As a modern marketer, you aim to collect a significant amount of customer data, on everything from digital clicks to in-store foot traffic, and parse it through an ever-increasing list of technologies. Chances are you’re using upwards of 10 different tools, including web analytics, marketing automation, social platforms, a data management platform, and a host of others.
And yet, even though you have all this data somewhere in the organization, I can guarantee you have difficulty accessing the appropriate data and generating insights to optimize customer experiences. Because here’s the naked truth: brands often miss the mark on customer expectations by either underwhelming them with poor personalization efforts or overwhelming them with too many messages or offers.
In fact, this was what Rusty Warner, principal analyst at Forrester Research, and I discussed on a recent webinar hosted by Direct Marketing News—along with what it takes to truly optimize the customer experience in a marketplace where consumers are always addressable and “always on.”
So how can marketers bridge the gap between brand strategy and execution? It’s all about taking a data-driven approach to customer engagement and, mostly, comes down to a handful of factors:
Although marketers collect extensive customer data, the systems of insight used to analyze this information aren’t always in sync with the systems of engagement used to interact with customers. According to Warner, closing this gap between systems of insight (customer data and real-time analytics) and systems of engagement (marketing automation and marketing content) is crucial to creating the kind of value exchange that will increase customer engagement.
Aligning these two systems means you can more effectively leverage learnings from customer data to create the kind of personalized microsegments that can improve brand engagement and increase revenue from each interaction. This also allows you to better understand changing customer behaviors and preferences, which can drive further increases in customer lifetime value and benefit your company.
Part of the value in data-driven personalization lies internally as well as externally.

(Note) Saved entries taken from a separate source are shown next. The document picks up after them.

(* Fix $n\ge1$ and $\kappa>0$. Let $\mho:\mathcal A_n^*\to(\mathrm{Mat}_n(\mathbb T),\odot)$ be the monoid homomorphism with $\mho(e)=E$ and $\mho(a_\ell)=A^{(\ell)}$ for $\ell=1,\dots,n$. Then for all $u,v\in\mathcal A_n^*$, $$u\equiv_{\mathrm{clk}}v\iff \mho(u)=\mho(v).$$ Hence $\mho$ induces a monoid isomorphism from the cloaktic monoid $\mathcal K_n=\mathcal A_n^*/{\equiv_{\mathrm{clk}}}$ onto the submonoid of $(\mathrm{Mat}_n(\mathbb T),\odot)$ generated by $A^{(1)},\dots,A^{(n)}$ (with identity $E$).
   Context: $\mathcal A_n=\{a_1<\cdots<a_n\}$, $e$ the empty word. Tropical semiring $\mathbb T=\mathbb R\cup\{-\infty\}$, $\oplus=\max$, $\odot=+$; $(A\odot B)_{i,j}=\max_t(a_{i,t}+b_{t,j})$. $A^{(\ell)}_{i,j}=\kappa$ if $i\le\ell\le j$, $=0$ if $i\le j$ but not $i\le\ell\le j$, $=-\infty$ if $i>j$; $E_{i,j}=0$ for $i\le j$, $-\infty$ for $i>j$. A subword is a not necessarily contiguous subsequence. For $w\in\mathcal A_n^*$ and $1\le i\le j\le n$, $L_{[i,j]}(w)$ is the maximal length of a nondecreasing subword of $w$ with all letters in $\{a_i,\dots,a_j\}$ ($0$ if none); $u\equiv_{\mathrm{clk}}v$ iff $L_{[i,j]}(u)=L_{[i,j]}(v)$ for all $1\le i\le j\le n$. *)

theory Defs
  imports "HOL-Library.Extended_Real" "HOL-Library.Sublist"
begin

text \<open>Tropical semiring T = R with -infinity, represented inside ereal (the value
  +infinity never occurs). An n x n tropical matrix is a function
  nat => nat => ereal whose relevant entries are those with indices in {1..n};
  all entries outside {1..n} x {1..n} are set to -infinity, so that equality of
  matrices is plain function equality.\<close>

type_synonym tmat = "nat \<Rightarrow> nat \<Rightarrow> ereal"

definition trop_mult :: "nat \<Rightarrow> tmat \<Rightarrow> tmat \<Rightarrow> tmat" where
  "trop_mult n A B = (\<lambda>i j. if i \<in> {1..n} \<and> j \<in> {1..n}
      then Max ((\<lambda>t. A i t + B t j) ` {1..n}) else -\<infinity>)"

definition tropE :: "nat \<Rightarrow> tmat" where
  "tropE n = (\<lambda>i j. if i \<in> {1..n} \<and> j \<in> {1..n} \<and> i \<le> j then 0 else -\<infinity>)"

definition tropA :: "nat \<Rightarrow> real \<Rightarrow> nat \<Rightarrow> tmat" where
  "tropA n \<kappa> l = (\<lambda>i j. if i \<in> {1..n} \<and> j \<in> {1..n} \<and> i \<le> j
      then (if i \<le> l \<and> l \<le> j then ereal \<kappa> else 0) else -\<infinity>)"

text \<open>Words over A_n: lists of letters, letter a_l is encoded as the number l,
  with l in {1..n}.\<close>

definition words :: "nat \<Rightarrow> nat list set" where
  "words n = {w. set w \<subseteq> {1..n}}"

fun mho :: "nat \<Rightarrow> real \<Rightarrow> nat list \<Rightarrow> tmat" where
  "mho n \<kappa> [] = tropE n"
| "mho n \<kappa> (l # w) = trop_mult n (tropA n \<kappa> l) (mho n \<kappa> w)"

definition Lij :: "nat \<Rightarrow> nat \<Rightarrow> nat list \<Rightarrow> nat" where
  "Lij i j w = Max {length s | s. subseq s w \<and> sorted s \<and> set s \<subseteq> {i..j}}"

definition clk_equiv :: "nat \<Rightarrow> nat list \<Rightarrow> nat list \<Rightarrow> bool" where
  "clk_equiv n u v \<longleftrightarrow> (\<forall>i j. 1 \<le> i \<and> i \<le> j \<and> j \<le> n \<longrightarrow> Lij i j u = Lij i j v)"

inductive_set gen_submonoid :: "nat \<Rightarrow> real \<Rightarrow> tmat set" for n \<kappa> where
  unit: "tropE n \<in> gen_submonoid n \<kappa>"
| step: "M \<in> gen_submonoid n \<kappa> \<Longrightarrow> l \<in> {1..n} \<Longrightarrow>
         trop_mult n M (tropA n \<kappa> l) \<in> gen_submonoid n \<kappa>"
lemma det_nonneg_if_pos_semidefinite:
  fixes A :: "real^'n^'n"
  assumes psd: "\<And>v. 0 \<le> v \<bullet> (A *v v)"
  shows "0 \<le> det A"
proof -
  have "0 < det (A + t *\<^sub>R mat 1)" if "t > 0" for t
  proof (rule det_pos_if_pos_definite)
    fix v :: "real^'n" assume "v \<noteq> 0"
    then have "0 < t * (v \<bullet> v)" using \<open>t > 0\<close> by simp
    then show "0 < v \<bullet> ((A + t *\<^sub>R mat 1) *v v)"
      using psd[of v] by (simp add: matrix_vector_mult_add_rdistrib scaleR_matrix_vector_assoc[symmetric] inner_add_right)
  qed
  moreover have "((\<lambda>t. det (A + t *\<^sub>R mat 1)) \<longlongrightarrow> det (A + 0 *\<^sub>R mat 1)) (at_right 0)"
    by (intro continuous_on_tendsto_compose[OF continuous_on_det[of UNIV]] tendsto_intros) auto
  ultimately show ?thesis
    by (intro tendsto_lowerbound[of _ _ "at_right 0"])
       (auto simp: eventually_at_right_field intro!: exI[of _ 1] less_imp_le)
qed

lemma det_nonneg_if_lambda1_nonneg:
  fixes A :: "real^'n^'n"
  assumes "symmetric_mat A" "0 \<le> lambda1 A"
  shows "0 \<le> det A"
  using assms lambda1_le_quadratic_form[OF assms(1)]
  by (intro det_nonneg_if_pos_semidefinite) (meson mult_nonneg_nonneg order_trans zero_le_power2)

Role-based insights—the internal version of personalization—can help your team members by serving up only the information they need in their day-to-day activities.
Consider the marketing campaign manager, who only needs to see snapshots of campaigns and doesn’t need full view into the entire breadth of marketing analytics. A creative designer might only want to work with content and offers, and not have to deal with the complexity of the targeting and campaign segmentation strategies. Serving up insights specific to your team’s roles and day-to-day functions can streamline operations tremendously.
Personalization can also help you meet customer expectations more effectively, which is substantially beneficial in regards to driving the most value from your messaging. Without using data in this regard, you risk creating messaging that falls flat and doesn’t perform because you have not met customer expectations effectively.
Perhaps the most crucial facet of data-driven personalization is having high-quality data in the first place. Lack of data quality could stem from a number of issues—such as integration issues, data aging, irregular data structure, etc.—any one of which could derail even your most thoughtful plans.
Because of this, the ability to cleanse and structure customer data is hugely important. This is why you need to consider a platform that can manage data from any source through the cleansing and structuring process so you can access the insights necessary to craft focused and powerful messaging.
Conquering the customer engagement “gap” can be a significant challenge, requiring you to gain alignment between various internal stakeholders on strategy and also get the right kinds of tools in place. That said, a focus on data-driven personalization can pay dividends for your marketing program’s success and make an impact that reaches far beyond improving marketing metrics.